Mandatory lobby register requires EU treaty change
14.12.13 @ 08:08
BRUSSELS - A treaty change or a unanimous decision from member states is needed to make the EU-joint transparency register mandatory.
“To get a legal base, we need a treaty change,” German centre-right MEP Rainer Wieland, told this website on Friday (13 December).
“And we expect the commission to come up with a proposal for a legal base,” added Wieland, who heads the parliament’s working group on the joint transparency register.
A review of the register on Thursday recommends the European Commission come forward with a proposal to adapt the EU Treaty to make it compulsory.
The idea still has to get screened and approved by the parliament’s constitutional affairs committee before a formal proposal is put forward to the commission.
Should the treaty change idea fall apart then the commission needs to put together another proposal by 2016, which would require unanimity among EU member states.
Wieland said this is the least favourable of the two options because it would exclude the parliament from having any influence.
“It is also possible the commission does not want to come with a proposal because it is out of any reach to get a decision of the council,” he said.
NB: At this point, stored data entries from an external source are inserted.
(* Let $k\ge 3$ be an integer, let $n\ge 2^{15k^2}$ be a multiple of $2k$, and let $p=20n^{-2/k}$. Let $G=G(n,p)$ be the random graph on $n$ labeled vertices in which each pair of vertices is an edge independently with probability $p$. Then: (a) the expected number of cliques of size $k+1$ in $G$ is at most $20^{\binom{k+1}{2}}$; (b) with probability more than $\frac{2}{3}$, every induced subgraph of $G$ with $\frac{n}{2k}$ vertices contains a clique of size $k$. *)

theory Defs
  imports "HOL-Probability.Probability"
begin

text \<open>Vertex set of G(n,p) is {0..<n}; a graph is given by its set of edges,
  each edge being a 2-element subset of the vertex set.\<close>

definition vertex_pairs :: "nat \<Rightarrow> nat set set" where
  "vertex_pairs n = {e. e \<subseteq> {..<n} \<and> card e = 2}"

definition gnp :: "nat \<Rightarrow> real \<Rightarrow> nat set set pmf" where
  "gnp n p = map_pmf (\<lambda>f. {e \<in> vertex_pairs n. f e})
              (Pi_pmf (vertex_pairs n) False (\<lambda>_. bernoulli_pmf p))"

definition is_clique :: "nat set set \<Rightarrow> nat set \<Rightarrow> bool" where
  "is_clique E S \<longleftrightarrow> (\<forall>e. e \<subseteq> S \<and> card e = 2 \<longrightarrow> e \<in> E)"

definition num_cliques :: "nat \<Rightarrow> nat set set \<Rightarrow> nat \<Rightarrow> nat" where
  "num_cliques n E m = card {S. S \<subseteq> {..<n} \<and> card S = m \<and> is_clique E S}"

end

theory Submission
  imports Defs
begin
If no decision is made, then the transparency register will come up for review again in 2017.
Parliament sources say European commissioner for inter-institutional affairs Maros Sefcovic wants to keep the register voluntary in order to attract more entries.
The commission’s official line is that making the register mandatory would be too difficult.
“It would raise a great number of complex legal issues, in particular with regard to the scope of the register, and compliance with other articles of the treaties,” it said in a statement.
The two sides came together to review the register and instead put forward some 30 recommendations to improve it.
One idea is to expand the scope to include all lobbying activities no matter where they take place geographically.
Another is to make a distinction between for profit and non-profit agencies.
Both the MEPs and the commission agree incentives need to be put in place to encourage more people to register.
The working group wants to shut out the exceptions to a rule that requires registration to access parliament buildings.
“These incentives include facilitating access to EP premises, the possibility to be consulted by the commission as experts or by heard at EP committee hearings,” notes the working group.
But Olivier Hoedeman at the Brussels-base Corporate Europe Observatory described the recommendations as “incredibly vague.”
He noted the commission meets with major corporations that are not in the registry like US investment bank Goldman Sachs.
The commission, for its part, estimates up to 75 percent of all relevant business-related entities and around 60 percent of NGOs operating in Brussels have registered.
Nearly 6,000 organisations are currently in the register, although pro-transparency groups say numerous entries are either out of date and contain errors.
Registrants are required to update the data once a year and on issues they lobbied on in the previous year.